(Collected data)
lemma prod_char_matrix_matching_perm:
  assumes M: "M \<in> matchings {0..<n} E"
  shows "(\<Prod>i = 0..<n. char_matrix n E $$ (i, matching_perm M i)) = X ^ (n - 2 * card M)"
proof -
  let ?S = "{0..<n::nat}"
  have M': "is_matching M" "\<Union>M \<subseteq> ?S" "M \<subseteq> E" using M by (auto simp: matchings_def)
  have entry: "char_matrix n E $$ (i, matching_perm M i) = (if i \<in> \<Union>M then -1 else X)" if "i \<in> ?S" for i
  proof (cases "i \<in> \<Union>M")
    case True
    then obtain e where e: "e \<in> M" "i \<in> e" by blast
    note inside = matching_perm_inside[OF M'(1) e]
    then have "matching_perm M i \<in> ?S" using e M'(2) by blast
    then show ?thesis using that inside e M'(3) True by (auto simp: char_matrix_def)
  next
    case False
    then show ?thesis using that by (simp add: char_matrix_def matching_perm_outside)
  qed
  have "card (\<Union>M) = 2 * card M" using matchings_cardD[OF _ M] by simp
  then have "card (?S - \<Union>M) = n - 2 * card M" using card_Diff_subset[OF _ M'(2)] M'(2)
    by (simp add: finite_subset)
  have "(\<Prod>i\<in>?S. char_matrix n E $$ (i, matching_perm M i)) = (\<Prod>i\<in>?S. if i \<in> \<Union>M then -1 else X)"
    using entry by (rule prod.cong[OF refl])
  also have "\<dots> = (\<Prod>i \<in> ?S \<inter> {i. i \<in> \<Union>M}. -1) * (\<Prod>i \<in> ?S \<inter> - {i. i \<in> \<Union>M}. X)"
    by (rule prod.If_cases) simp
  also have "?S \<inter> {i. i \<in> \<Union>M} = \<Union>M" using M'(2) by auto
  also have "?S \<inter> - {i. i \<in> \<Union>M} = ?S - \<Union>M" by auto
  also have "(\<Prod>i \<in> \<Union>M. -1) * (\<Prod>i \<in> ?S - \<Union>M. X) = (-1) ^ card (\<Union>M) * X ^ card (?S - \<Union>M)"
    by simp
  also have "\<dots> = X ^ (n - 2 * card M)"
    using \<open>card (\<Union>M) = 2 * card M\<close> \<open>card (?S - \<Union>M) = n - 2 * card M\<close> by (simp add: power_mult)
  finally show ?thesis .
qed
(* Let $\mathbf B^{(1)}\in\mathbb Q^{d\times n}$ be an LLL-reduced basis and $\gamma\ge2$. Then $\mathbf B^{(2)}=(\mathbf b_1^{(2)},\dots,\mathbf b_n^{(2)}):=A_{\mathbf B^{(1)},\gamma}\mathbf B^{(1)}$ is LLL-reduced, and for all $i$, \[ \|\mathbf b_1^{(2)}\|/2^n\le\|\tilde{\mathbf b}_i^{(2)}\|\le\|\mathbf b_i^{(2)}\|\le(2\gamma)^i\|\mathbf b_1^{(2)}\|. \]
   Context: Gram–Schmidt orthogonalization of a basis $\mathbf B=(\mathbf b_1,\dots,\mathbf b_n)$: $\tilde{\mathbf b}_1=\mathbf b_1$, $\tilde{\mathbf b}_i=\Pi_{\{\mathbf b_1,\dots,\mathbf b_{i-1}\}^\perp}(\mathbf b_i)$; $\mu_{i,j}:=\langle\tilde{\mathbf b}_i,\mathbf b_j\rangle/\|\tilde{\mathbf b}_i\|^2$. $\mathbf B$ is LLL-reduced if $|\mu_{i,j}|\le 1/2$ for all $i<j$ and $\tfrac34\|\tilde{\mathbf b}_i\|^2\le\|\tilde{\mathbf b}_{i+1}\|^2+\mu_{i,i+1}^2\|\tilde{\mathbf b}_i\|^2$ for $1\le i\le n-1$. For a basis $\mathbf B$ and $\gamma\ge1$: $\alpha_1=1$, $\alpha_i=\max\{\alpha_{i-1},\lceil\|\tilde{\mathbf b}_i\|/(\gamma^i\|\mathbf b_1\|)\rceil\}$, and $A_{\mathbf B,\gamma}$ is the unique linear map with $A_{\mathbf B,\gamma}\tilde{\mathbf b}_i=\tilde{\mathbf b}_i/\alpha_i$ for all $i$ and identity on $\{\mathbf b_1,\dots,\mathbf b_n\}^\perp$. *)

theory Defs
  imports "HOL-Analysis.Analysis"
begin

text \<open>A basis is a family b_1,...,b_n of vectors in R^d (indices 1..n), d given by the
finite index type 'd.\<close>

function gso :: "(nat \<Rightarrow> real ^ 'd) \<Rightarrow> nat \<Rightarrow> real ^ 'd" where
  "gso b i = b i - (\<Sum>j\<in>{1..<i}. ((gso b j \<bullet> b i) / (norm (gso b j))\<^sup>2) *\<^sub>R gso b j)"
  by auto
termination by (relation "Wellfounded.measure (\<lambda>(b, i). i)") auto

declare gso.simps [simp del]

definition mu :: "(nat \<Rightarrow> real ^ 'd) \<Rightarrow> nat \<Rightarrow> nat \<Rightarrow> real" where
  "mu b i j = (gso b i \<bullet> b j) / (norm (gso b i))\<^sup>2"

definition LLL_reduced :: "(nat \<Rightarrow> real ^ 'd) \<Rightarrow> nat \<Rightarrow> bool" where
  "LLL_reduced b n \<longleftrightarrow>
     (\<forall>i j. 1 \<le> i \<and> i < j \<and> j \<le> n \<longrightarrow> \<bar>mu b i j\<bar> \<le> 1/2) \<and>
     (\<forall>i. 1 \<le> i \<and> i \<le> n - 1 \<longrightarrow>
        3/4 * (norm (gso b i))\<^sup>2 \<le> (norm (gso b (i+1)))\<^sup>2 + (mu b i (i+1))\<^sup>2 * (norm (gso b i))\<^sup>2)"

definition rat_basis :: "(nat \<Rightarrow> real ^ 'd) \<Rightarrow> nat \<Rightarrow> bool" where
  "rat_basis b n \<longleftrightarrow> inj_on b {1..n} \<and> independent (b ` {1..n}) \<and>
     (\<forall>i\<in>{1..n}. \<forall>k. b i $ k \<in> \<rat>)"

### ACTIVITY:
Taking the entries above, please repeat each one exactly.

### THE COMPLETED TASK:
lemma prod_char_matrix_matching_perm:
  assumes M: "M \<in> matchings {0..<n} E"
  shows "(\<Prod>i = 0..<n. char_matrix n E $$ (i, matching_perm M i)) = X ^ (n - 2 * card M)"
proof -
  let ?S = "{0..<n::nat}"
  have M': "is_matching M" "\<Union>M \<subseteq> ?S" "M \<subseteq> E" using M by (auto simp: matchings_def)
  have entry: "char_matrix n E $$ (i, matching_perm M i) = (if i \<in> \<Union>M then -1 else X)" if "i \<in> ?S" for i
  proof (cases "i \<in> \<Union>M")
    case True
    then obtain e where e: "e \<in> M" "i \<in> e" by blast
    note inside = matching_perm_inside[OF M'(1) e]
    then have "matching_perm M i \<in> ?S" using e M'(2) by blast
    then show ?thesis using that inside e M'(3) True by (auto simp: char_matrix_def)
  next
    case False
    then show ?thesis using that by (simp add: char_matrix_def matching_perm_outside)
  qed
  have "card (\<Union>M) = 2 * card M" using matchings_cardD[OF _ M] by simp
  then have "card (?S - \<Union>M) = n - 2 * card M" using card_Diff_subset[OF _ M'(2)] M'(2)
    by (simp add: finite_subset)
  have "(\<Prod>i\<in>?S. char_matrix n E $$ (i, matching_perm M i)) = (\<Prod>i\<in>?S. if i \<in> \<Union>M then -1 else X)"
    using entry by (rule prod.cong[OF refl])
  also have "\<dots> = (\<Prod>i \<in> ?S \<inter> {i. i \<in> \<Union>M}. -1) * (\<Prod>i \<in> ?S \<inter> - {i. i \<in> \<Union>M}. X)"
    by (rule prod.If_cases) simp
  also have "?S \<inter> {i. i \<in> \<Union>M} = \<Union>M" using M'(2) by auto
  also have "?S \<inter> - {i. i \<in> \<Union>M} = ?S - \<Union>M" by auto
  also have "(\<Prod>i \<in> \<Union>M. -1) * (\<Prod>i \<in> ?S - \<Union>M. X) = (-1) ^ card (\<Union>M) * X ^ card (?S - \<Union>M)"
    by simp
  also have "\<dots> = X ^ (n - 2 * card M)"
    using \<open>card (\<Union>M) = 2 * card M\<close> \<open>card (?S - \<Union>M) = n - 2 * card M\<close> by (simp add: power_mult)
  finally show ?thesis .
qed
(* Let $\mathbf B^{(1)}\in\mathbb Q^{d\times n}$ be an LLL-reduced basis and $\gamma\ge2$. Then $\mathbf B^{(2)}=(\mathbf b_1^{(2)},\dots,\mathbf b_n^{(2)}):=A_{\mathbf B^{(1)},\gamma}\mathbf B^{(1)}$ is LLL-reduced, and for all $i$, \[ \|\mathbf b_1^{(2)}\|/2^n\le\|\tilde{\mathbf b}_i^{(2)}\|\le\|\mathbf b_i^{(2)}\|\le(2\gamma)^i\|\mathbf b_1^{(2)}\|. \]
   Context: Gram–Schmidt orthogonalization of a basis $\mathbf B=(\mathbf b_1,\dots,\mathbf b_n)$: $\tilde{\mathbf b}_1=\mathbf b_1$, $\tilde{\mathbf b}_i=\Pi_{\{\mathbf b_1,\dots,\mathbf b_{i-1}\}^\perp}(\mathbf b_i)$; $\mu_{i,j}:=\langle\tilde{\mathbf b}_i,\mathbf b_j\rangle/\|\tilde{\mathbf b}_i\|^2$. $\mathbf B$ is LLL-reduced if $|\mu_{i,j}|\le 1/2$ for all $i<j$ and $\tfrac34\|\tilde{\mathbf b}_i\|^2\le\|\tilde{\mathbf b}_{i+1}\|^2+\mu_{i,i+1}^2\|\tilde{\mathbf b}_i\|^2$ for $1\le i\le n-1$. For a basis $\mathbf B$ and $\gamma\ge1$: $\alpha_1=1$, $\alpha_i=\max\{\alpha_{i-1},\lceil\|\tilde{\mathbf b}_i\|/(\gamma^i\|\mathbf b_1\|)\rceil\}$, and $A_{\mathbf B,\gamma}$ is the unique linear map with $A_{\mathbf B,\gamma}\tilde{\mathbf b}_i=\tilde{\mathbf b}_i/\alpha_i$ for all $i$ and identity on $\{\mathbf b_1,\dots,\mathbf b_n\}^\perp$. *)

theory Defs
  imports "HOL-Analysis.Analysis"
begin

text \<open>A basis is a family b_1,...,b_n of vectors in R^d (indices 1..n), d given by the
finite index type 'd.\<close>

function gso :: "(nat \<Rightarrow> real ^ 'd) \<Rightarrow> nat \<Rightarrow> real ^ 'd" where
  "gso b i = b i - (\<Sum>j\<in>{1..<i}. ((gso b j \<bullet> b i) / (norm (gso b j))\<^sup>2) *\<^sub>R gso b j)"
  by auto
termination by (relation "Wellfounded.measure (\<lambda>(b, i). i)") auto

declare gso.simps [simp del]

definition mu :: "(nat \<Rightarrow> real ^ 'd) \<Rightarrow> nat \<Rightarrow> nat \<Rightarrow> real" where
  "mu b i j = (gso b i \<bullet> b j) / (norm (gso b i))\<^sup>2"

definition LLL_reduced :: "(nat \<Rightarrow> real ^ 'd) \<Rightarrow> nat \<Rightarrow> bool" where
  "LLL_reduced b n \<longleftrightarrow>
     (\<forall>i j. 1 \<le> i \<and> i < j \<and> j \<le> n \<longrightarrow> \<bar>mu b i j\<bar> \<le> 1/2) \<and>
     (\<forall>i. 1 \<le> i \<and> i \<le> n - 1 \<longrightarrow>
        3/4 * (norm (gso b i))\<^sup>2 \<le> (norm (gso b (i+1)))\<^sup>2 + (mu b i (i+1))\<^sup>2 * (norm (gso b i))\<^sup>2)"

definition rat_basis :: "(nat \<Rightarrow> real ^ 'd) \<Rightarrow> nat \<Rightarrow> bool" where
  "rat_basis b n \<longleftrightarrow> inj_on b {1..n} \<and> independent (b ` {1..n}) \<and>
     (\<forall>i\<in>{1..n}. \<forall>k. b i $ k \<in> \<rat>)"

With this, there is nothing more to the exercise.